Previous larger/smaller element
The Previous Smaller Element (PSE) and Previous Larger Element (PLE) problems are similar to Next Smaller Element (NSE) and Next Larger Element (NLE), but instead of looking for the first element to the right, we look for the first element to the left of each index.
These are also efficiently solved using a monotonic stack, but this time the array is traversed from left to right.
Previous Smaller Element (PSE)
Goal:
For each element in the array, find the first smaller element to its left.
Algorithm (Monotonic Stack Approach):
-
Initialize a stack:
- The stack will store indices of elements in the array.
- It will maintain a monotonic increasing order of element values (from top to bottom).
-
Iterate through the array from left to right:
- For each element:
- While the stack is not empty and the element at the top of the stack is greater than or equal to the current element, pop the stack.
- If the stack is not empty after the above step, the top of the stack points to the previous smaller element for the current element.

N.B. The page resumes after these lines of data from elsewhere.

lemma hmeasure_eq_0_iff:
  "hmeasure \<alpha> L = 0 \<longleftrightarrow> (\<forall>n. \<forall>e>0. \<exists>V\<in>covers L n. cover_weight \<alpha> V \<le> ennreal e)"
proof
  assume L: "hmeasure \<alpha> L = 0"
  show "\<forall>n. \<forall>e>0. \<exists>V\<in>covers L n. cover_weight \<alpha> V \<le> ennreal e"
  proof (intro allI impI)
    fix n and e :: real assume "e > 0"
    with L hmeasure_approx_le_hmeasure[of \<alpha> L n] have "hmeasure_approx \<alpha> L n < ennreal e"
      by simp
    then show "\<exists>V\<in>covers L n. cover_weight \<alpha> V \<le> ennreal e"
      unfolding hmeasure_approx_def by (meson INF_less_iff less_imp_le)
  qed
next
  assume L: "\<forall>n. \<forall>e>0. \<exists>V\<in>covers L n. cover_weight \<alpha> V \<le> ennreal e"
  have "hmeasure_approx \<alpha> L n \<le> 0" for n
  proof (rule ennreal_le_epsilon)
    fix e :: real assume "0 < e"
    then obtain V where "V \<in> covers L n" "cover_weight \<alpha> V \<le> ennreal e" using L by blast
    then show "hmeasure_approx \<alpha> L n \<le> 0 + ennreal e"
      unfolding hmeasure_approx_def by (simp add: INF_lower2)
  qed
  then show "hmeasure \<alpha> L = 0" unfolding hmeasure_eq_SUP by (simp add: SUP_least antisym)
qed

lemma hmeasure_eq_0_above:
  assumes fin: "hmeasure \<alpha> (L :: ('v::finite) oword set) < \<infinity>" and "\<alpha> < \<beta>"
  shows "hmeasure \<beta> L = 0"
proof -
  let ?r = "alph_size TYPE('v)"
  define q where "q = ?r powr - (\<beta> - \<alpha>)"
  obtain m0 where "hmeasure \<alpha> L = ennreal m0" "m0 \<ge> 0"
    using fin by (auto simp: less_top_ennreal)
  then obtain m where m: "hmeasure \<alpha> L < ennreal m"
    by (metis ennreal_lessI less_add_one add_nonneg_pos zero_less_one)
  have q: "0 \<le> q" "q < 1"
    unfolding q_def using alph_size_ge_2[where 'v='v] \<open>\<alpha> < \<beta>\<close> by (auto simp: powr_less_one)
  have approx_le: "hmeasure_approx \<beta> L N \<le> ennreal (q ^ N * m)" for N
  proof -
    have "hmeasure_approx \<alpha> L N < ennreal m"
      using hmeasure_approx_le_hmeasure m by (rule le_less_trans)
    then obtain V where V: "V \<in> covers L N" "cover_weight \<alpha> V < ennreal m"
      unfolding hmeasure_approx_def by (auto simp: INF_less_iff)
    have "?r powr (- (\<beta> - \<alpha>) * real N) = q ^ N"
      unfolding q_def using alph_size_ge_2[where 'v='v] by (simp add: powr_powr[symmetric] powr_realpow)
    moreover have "hmeasure_approx \<beta> L N \<le> cover_weight \<beta> V"
      using V(1) unfolding hmeasure_approx_def by (rule INF_lower)
    ultimately have "hmeasure_approx \<beta> L N \<le> ennreal (q ^ N) * cover_weight \<alpha> V"
      using V(1) \<open>\<alpha> < \<beta>\<close> cover_weight_le_scaled[of V N \<alpha> \<beta>] by (auto simp: covers_def)
    also have "\<dots> \<le> ennreal (q ^ N) * ennreal m"
      using V(2) by (intro mult_left_mono) auto
    finally show ?thesis using q by (simp add: ennreal_mult')
  qed
  have "(\<lambda>N. ennreal (q ^ N * m)) \<longlonglongrightarrow> ennreal (0 * m)"
    using q by (intro tendsto_ennrealI tendsto_mult LIMSEQ_power_zero tendsto_const) auto
  moreover have "hmeasure_approx \<beta> L n \<le> ennreal (q ^ N * m)" if "N \<ge> n" for n N
    using incseq_hmeasure_approx that approx_le by (metis incseq_def order.trans)
  ultimately have "hmeasure_approx \<beta> L n \<le> 0" for n
    by (intro LIMSEQ_le_const) auto
  then show ?thesis unfolding hmeasure_eq_SUP by (simp add: SUP_least antisym)
qed

lemma hmeasure_eq_top_below:
  assumes "hmeasure \<beta> L \<noteq> 0" "\<alpha> < \<beta>"
  shows "hmeasure \<alpha> L = \<infinity>"
proof (rule ccontr)
  assume "hmeasure \<alpha> L \<noteq> \<infinity>"
  with assms(2) have "hmeasure \<beta> L = 0"
    by (intro hmeasure_eq_0_above) (simp_all add: less_top[symmetric])
  with assms(1) show False ..
qed

lemma hdim_eqI_null_sets:
  fixes A B :: "('v::finite) oword set"
  assumes "\<And>\<alpha>. hmeasure \<alpha> A = 0 \<longleftrightarrow> hmeasure \<alpha> B = 0"
  shows "hdim A = hdim B"
proof -
  have transfer: "(\<forall>\<alpha><d. hmeasure \<alpha> B' = \<infinity>) \<and> (\<forall>\<alpha>>d. hmeasure \<alpha> B' = 0)"
    if null: "\<And>\<alpha>. hmeasure \<alpha> A' = 0 \<longleftrightarrow> hmeasure \<alpha> B' = 0"
      and A': "(\<forall>\<alpha><d. hmeasure \<alpha> A' = \<infinity>) \<and> (\<forall>\<alpha>>d. hmeasure \<alpha> A' = 0)"
    for A' B' :: "'v oword set" and d
  proof (intro conjI allI impI)
    fix \<alpha> assume "\<alpha> < d"
    then have "hmeasure ((\<alpha> + d) / 2) A' = \<infinity>"
      using A' by auto
    then have "hmeasure ((\<alpha> + d) / 2) B' \<noteq> 0"
      using null[of "(\<alpha> + d) / 2"] by simp
    then show "hmeasure \<alpha> B' = \<infinity>"
      by (rule hmeasure_eq_top_below) (use \<open>\<alpha> < d\<close> in simp)
  next
    fix \<alpha> assume "\<alpha> > d"
    then show "hmeasure \<alpha> B' = 0" using A' null by auto
  qed
  have "((\<forall>\<alpha><d. hmeasure \<alpha> A = \<infinity>) \<and> (\<forall>\<alpha>>d. hmeasure \<alpha> A = 0))
    \<longleftrightarrow> ((\<forall>\<alpha><d. hmeasure \<alpha> B = \<infinity>) \<and> (\<forall>\<alpha>>d. hmeasure \<alpha> B = 0))" for d
    using transfer[of A B d, OF assms] transfer[of B A d, OF assms[symmetric]] by blast
  then show ?thesis unfolding hdim_def by simp
qed

lemma hmeasure_UN_eq_0:
  fixes A :: "nat \<Rightarrow> ('v::finite) oword set"
  assumes "\<And>k. hmeasure \<alpha> (A k) = 0"
  shows "hmeasure \<alpha> (\<Union>k. A k) = 0"
  unfolding hmeasure_eq_0_iff
proof (intro allI impI)
  fix n and e :: real assume "e > 0"
  define \<epsilon> where "\<epsilon> k = e * (1 / 2) ^ Suc k" for k
  have "\<exists>V\<in>covers (A k) n. cover_weight \<alpha> V \<le> ennreal (\<epsilon> k)" for k
    using assms[of k] \<open>e > 0\<close> unfolding hmeasure_eq_0_iff \<epsilon>_def by simp
  then obtain V where V: "\<And>k. V k \<in> covers (A k) n" "\<And>k. cover_weight \<alpha> (V k) \<le> ennreal (\<epsilon> k)"
    by metis
  have "(\<Union>k. V k) \<in> covers (\<Union>k. A k) n"
    using V(1) by (fastforce simp: covers_def)
  moreover have "cover_weight \<alpha> (\<Union>k. V k) \<le> ennreal e"
  proof -
    have "cover_weight \<alpha> (\<Union>k. V k) \<le> (\<Sum>k. cover_weight \<alpha> (V k))"
      by (rule cover_weight_UN_le)
    also have "\<dots> \<le> (\<Sum>k. ennreal (\<epsilon> k))"
      by (intro suminf_le V(2)) auto
    also have "\<dots> = ennreal e"
      using \<open>e > 0\<close> sums_mult[OF power_half_series, of e] unfolding \<epsilon>_def
      by (intro suminf_ennreal_eq) auto
    finally show ?thesis .
  qed
  ultimately show "\<exists>V\<in>covers (\<Union>k. A k) n. cover_weight \<alpha> V \<le> ennreal e" by blast
qed

lemma hmeasure_shift_preimage_eq_0:
  fixes L :: "('v::finite) oword set"
  assumes "hmeasure \<alpha> L = 0"
  shows "hmeasure \<alpha> {w. suffix_w w k \<in> L} = 0"
  unfolding hmeasure_eq_0_iff
proof (intro allI impI)
  fix n and e :: real assume "e > 0"
  define P where "P = {u :: 'v set list. length u = k}"
  define c where "c = alph_size TYPE('v) powr (- \<alpha> * real k)"
  define D where "D = real (card P) * c"
  have "finite P"
    unfolding P_def using finite_lists_length_eq[of "UNIV :: 'v set set" k] by simp
  have "c \<ge> 0" "D \<ge> 0"
    unfolding c_def D_def by auto
  with \<open>e > 0\<close> have "e / (D + 1) > 0"
    by simp
  then obtain V where V: "V \<in> covers L n" "cover_weight \<alpha> V \<le> ennreal (e / (D + 1))"
    using assms unfolding hmeasure_eq_0_iff by blast
  define V' where "V' = (\<Union>u\<in>P. (@) u ` V)"
  have "V' \<in> covers {w. suffix_w w k \<in> L} n"
    unfolding covers_def
  proof (intro CollectI conjI ballI)
    fix x assume "x \<in> V'"
    then show "n \<le> length x" using V(1) unfolding V'_def covers_def by auto
  next
    fix w assume "w \<in> {w. suffix_w w k \<in> L}"
    then obtain v where v: "v \<in> V" "is_prefix v (suffix_w w k)"
      using V(1) unfolding covers_def by auto
    define u where "u = map w [0..<k]"
    have "u \<in> P"
      unfolding P_def u_def by simp
    with v(1) have "u @ v \<in> V'"
      unfolding V'_def by blast
    moreover have "is_prefix (u @ v) w"
      using v(2) unfolding is_prefix_def suffix_w_def u_def by (auto simp: nth_append)
    ultimately show "\<exists>v\<in>V'. is_prefix v w" by blast
  qed
  moreover have "cover_weight \<alpha> V' \<le> ennreal e"
  proof -
    have "cover_weight \<alpha> V' \<le> (\<Sum>u\<in>P. cover_weight \<alpha> ((@) u ` V))"
      unfolding V'_def using \<open>finite P\<close> by (rule cover_weight_UN_finite_le)
    also have "\<dots> \<le> (\<Sum>u\<in>P. word_weight \<alpha> u * ennreal (e / (D + 1)))"
      using V(2) by (intro sum_mono order.trans[OF cover_weight_prepend_le] mult_left_mono) auto
    also have "\<dots> = (\<Sum>u\<in>P. ennreal (c * (e / (D + 1))))"
      using \<open>e / (D + 1) > 0\<close> by (intro sum.cong) (simp_all add: P_def c_def flip: ennreal_mult)
    also have "\<dots> = ennreal (\<Sum>u\<in>P. c * (e / (D + 1)))"
      using \<open>c \<ge> 0\<close> \<open>e / (D + 1) > 0\<close> by (intro sum_ennreal mult_nonneg_nonneg) auto
    also have "\<dots> = ennreal (D * (e / (D + 1)))"
      unfolding D_def by (simp add: mult.assoc)
    also have "\<dots> \<le> ennreal e"
      using \<open>e > 0\<close> \<open>D \<ge> 0\<close> by (intro ennreal_leI) (simp add: field_simps)
    finally show ?thesis .
  qed
  ultimately show "\<exists>V\<in>covers {w. suffix_w w k \<in> L} n. cover_weight \<alpha> V \<le> ennreal e" by blast
qed

lemma suffix_w_suffix_w: "suffix_w (suffix_w w a) b = suffix_w w (b + a)"
  unfolding suffix_w_def by (simp add: add.assoc)

lemma lang_G_and_not_subset:
  "lang (LG (LAnd \<phi> (LNot \<psi>))) \<subseteq> lang (LAnd (LG \<phi>) (LF (LG (LNot \<psi>))))"
  by (auto simp: lang_def suffix_w_suffix_w intro: exI[of _ 0])

lemma lang_G_FG_subset_UN_shift_preimage:
  "lang (LAnd (LG \<phi>) (LF (LG (LNot \<psi>))))
     \<subseteq> (\<Union>k. {w. suffix_w w k \<in> lang (LG (LAnd \<phi> (LNot \<psi>)))})"
  by (auto simp: lang_def suffix_w_suffix_w)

- Push the current element's index onto the stack.
- For each element:
-
Result:
- For every element, if no smaller element exists, the result will be (-1).
Example (PSE):
Input: ([4, 2, 1, 5, 3])
| Index | Element | Stack (Top to Bottom) | PSE |
|---|---|---|---|
| 0 | 4 | [0] | -1 |
| 1 | 2 | [1] | -1 |
| 2 | 1 | [2] | -1 |
| 3 | 5 | [2, 3] | 1 |
| 4 | 3 | [2, 4] | 1 |
Result: ([-1, -1, -1, 1, 1])
Previous Larger Element (PLE)
Goal:
For each element in the array, find the first larger element to its left.
Algorithm (Monotonic Stack Approach):
-
Initialize a stack:
- The stack will store indices of elements in the array.
- It will maintain a monotonic decreasing order of element values (from top to bottom).
-
Iterate through the array from left to right:
- For each element:
- While the stack is not empty and the element at the top of the stack is less than or equal to the current element, pop the stack.
- If the stack is not empty after the above step, the top of the stack points to the previous larger element for the current element.
- Push the current element's index onto the stack.
- For each element:
-
Result:
- For every element, if no larger element exists, the result will be (-1).
Example (PLE):
Input: ([4, 2, 1, 5, 3])
| Index | Element | Stack (Top to Bottom) | PLE |
|---|---|---|---|
| 0 | 4 | [0] | -1 |
| 1 | 2 | [0, 1] | 4 |
| 2 | 1 | [0, 1, 2] | 2 |
| 3 | 5 | [3] | 4 |
| 4 | 3 | [3, 4] | 5 |
Result: ([-1, 4, 2, -1, 5])
Key Observations
-
Stack Property:
- For PSE, the stack ensures the elements in it are smaller than the current element (monotonic increasing stack).
- For PLE, the stack ensures the elements in it are larger than the current element (monotonic decreasing stack).
-
Efficiency:
- Each element is pushed onto and popped from the stack at most once, ensuring (O(n)) time complexity.
-
Edge Cases:
- If the array is sorted in increasing order, all elements will have (-1) as their PSE.
- If the array is sorted in decreasing order, all elements will have (-1) as their PLE.
Code Implementation
Previous Smaller Element (PSE)
def previousSmallerElements(arr):
n = len(arr)
pse = [-1] * n
stack = []
for i in range(n): # Traverse from left to right
while stack and arr[stack[-1]] >= arr[i]:
stack.pop()
if stack:
pse[i] = arr[stack[-1]]
stack.append(i)
return pse
Previous Larger Element (PLE)
def previousLargerElements(arr):
n = len(arr)
ple = [-1] * n
stack = []
for i in range(n): # Traverse from left to right
while stack and arr[stack[-1]] <= arr[i]:
stack.pop()
if stack:
ple[i] = arr[stack[-1]]
stack.append(i)
return ple
Applications
- Histogram Problems: PSE and NSE are used to compute the width of rectangles in the largest rectangle in a histogram problem.
- Stock Span Problems: PLE helps determine the previous higher price for stock analysis.
- Sliding Window Problems: PSE and NSE provide critical insights for subarray calculations.